In a recent article, I talked about Proposition 4, passed in 1979, as the godfather of voter initiatives that defined service fees and how they should be calculated. While Proposition 4 is widely remembered as establishing the Gann Appropriation Limit, it also defined service fees as being limited to the full costs of providing the service. But the detail of what that meant was limited to the author’s intent documents and court decisions in those early days.

Then, Proposition 218, passed in 1996 and becoming Articles XIIIC & D, further limited local governments’ revenue source options. Those two propositions have had, and will continue to have, a profound effect on California governments.

But it was left to the passage of Proposition 26, passed in 2010, to codify many of the fee setting practices of the previous 30 years. Article XIII C of the State Constitution was amended to formally declare that fees are not considered taxes if they do not exceed the reasonable costs of the service. Government Code Section 66014 further defined that statement for development fees.

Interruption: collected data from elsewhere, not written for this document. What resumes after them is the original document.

lemma dPI_X_degenerate:
  assumes D: "D ** D' = mat 1" and S: "S ** S' = mat 1" "S = A - B ** D' ** C"
  shows "dPI_X m (block 0 0 0 (mat 1)) (block A B C D) (block Ap Bp Cp Dp) (block a11 a12 a21 a22) =
    block (real m *\<^sub>R S') (- (real m *\<^sub>R (S' ** B ** D')) - (Bp + a12))
      (- (real m *\<^sub>R (D' ** C ** S'))) (real m *\<^sub>R (D' + D' ** C ** S' ** B ** D') - (Dp + D + a22))"
proof -
  have "matrix_inv (block A B C D) =
      block S' (- (S' ** B ** D')) (- (D' ** C ** S')) (D' + D' ** C ** S' ** B ** D')"
    by (rule matrix_inv_eqI) (rule block_inverse_via_schur_D[OF D S])
  then show ?thesis
    by (simp add: dPI_X_def algebra_simps)
qed

lemma dPI_Y_degenerate:
  fixes Ap Cp a11 a21
  assumes D: "D ** D' = mat 1" and S: "S ** S' = mat 1" "S = A - B ** D' ** C"
    and Z: "Z ** Z' = mat 1" "Z = real m *\<^sub>R D' - Dp - D - a22 - D' ** C ** (Bp + a12)"
    and m: "m \<noteq> 0"
  defines "E\<^sub>0 \<equiv> block 0 0 0 (mat 1)" and "M\<^sub>0 \<equiv> block A B C D"
    and "P\<^sub>0 \<equiv> block Ap Bp Cp Dp" and "\<alpha> \<equiv> block a11 a12 a21 a22"
  shows "det (dPI_X m E\<^sub>0 M\<^sub>0 P\<^sub>0 \<alpha>) \<noteq> 0"
    and "dPI_Y m E\<^sub>0 M\<^sub>0 P\<^sub>0 \<alpha> = block (- (real m *\<^sub>R S')) (real m *\<^sub>R (S' ** B ** D') + Bp)
      (real m *\<^sub>R (D' ** C ** S'))
      (real (m + 1) *\<^sub>R Z' - real m *\<^sub>R D' - real m *\<^sub>R (D' ** C ** S' ** B ** D') + Dp)"
proof -
  define X\<^sub>B where "X\<^sub>B = - (real m *\<^sub>R (S' ** B ** D')) - (Bp + a12)"
  define X\<^sub>C where "X\<^sub>C = - (real m *\<^sub>R (D' ** C ** S'))"
  define X\<^sub>D where "X\<^sub>D = real m *\<^sub>R (D' + D' ** C ** S' ** B ** D') - (Dp + D + a22)"
  define S\<^sub>m where "S\<^sub>m = (1 / real m) *\<^sub>R S"
  have X0: "dPI_X m E\<^sub>0 M\<^sub>0 P\<^sub>0 \<alpha> = block (real m *\<^sub>R S') X\<^sub>B X\<^sub>C X\<^sub>D"
    unfolding X\<^sub>B_def X\<^sub>C_def X\<^sub>D_def E\<^sub>0_def M\<^sub>0_def P\<^sub>0_def \<alpha>_def by (rule dPI_X_degenerate[OF D S])
  \<comment> \<open>\<open>Z\<close> is the Schur complement of the upper left block \<open>m S'\<close> of \<open>X(0)\<close>.\<close>
  have "real m *\<^sub>R S' ** S\<^sub>m = mat 1"
    using S(1) m matrix_left_right_inverse[of S S'] by (simp add: S\<^sub>m_def matrix_mul_normalize)
  moreover have "Z = X\<^sub>D - X\<^sub>C ** S\<^sub>m ** X\<^sub>B"
    using S(1) m matrix_left_right_inverse[of S S']
    by (simp add: Z(2) X\<^sub>B_def X\<^sub>C_def X\<^sub>D_def S\<^sub>m_def matrix_mul_normalize matrix_mul_cancel_right
        algebra_simps)
  ultimately have inv: "dPI_X m E\<^sub>0 M\<^sub>0 P\<^sub>0 \<alpha> ** block (S\<^sub>m + S\<^sub>m ** X\<^sub>B ** Z' ** X\<^sub>C ** S\<^sub>m)
      (- (S\<^sub>m ** X\<^sub>B ** Z')) (- (Z' ** X\<^sub>C ** S\<^sub>m)) Z' = mat 1"
    unfolding X0 by (rule block_inverse_via_schur_A[OF _ Z(1)])
  then show "det (dPI_X m E\<^sub>0 M\<^sub>0 P\<^sub>0 \<alpha>) \<noteq> 0"
    by (rule det_nonzero_if_right_inverse)
  show "dPI_Y m E\<^sub>0 M\<^sub>0 P\<^sub>0 \<alpha> = block (- (real m *\<^sub>R S')) (real m *\<^sub>R (S' ** B ** D') + Bp)
      (real m *\<^sub>R (D' ** C ** S'))
      (real (m + 1) *\<^sub>R Z' - real m *\<^sub>R D' - real m *\<^sub>R (D' ** C ** S' ** B ** D') + Dp)"
    unfolding dPI_Y_def matrix_inv_eqI[OF inv] unfolding X0
    by (simp add: E\<^sub>0_def M\<^sub>0_def \<alpha>_def X\<^sub>B_def X\<^sub>C_def X\<^sub>D_def algebra_simps)
qed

Some of the types of services for which reasonable fees are allowable are:

  • A charge imposed for a specific benefit conferred or privilege granted directly to the payor that is not provided to those not charged, and which does not exceed the reasonable costs to the local government of conferring the benefit or granting the privilege.

  • A charge imposed for a specific government service or product provided directly to the payor that is not provided to those not charged, and which does not exceed the reasonable costs to the local government of providing the service or product.

  • A charge imposed for the reasonable regulatory costs to a local government for issuing licenses and permits, performing investigations, inspections, and audits, enforcing agricultural marketing orders, and the administrative enforcement and adjudication thereof.

Article XIII C also provides that a local government agency must demonstrate that the amount of revenue to be generated by a fee is no more than necessary to cover the reasonable costs of the governmental activity supported by the fee, and that the manner in which those costs are allocated to a payor bear a fair or reasonable relationship to the payor’s burdens on, or benefits received from, the governmental activity. Therefore, a fee on liquor store owners to fund an alcohol education program would not be allowed.

While Proposition 26 was built on the foundations of Propositions 4 and 218, it provided a sharper definition of the reach and limits of service fees, and the courts have looked to it when reviewing fee challenges.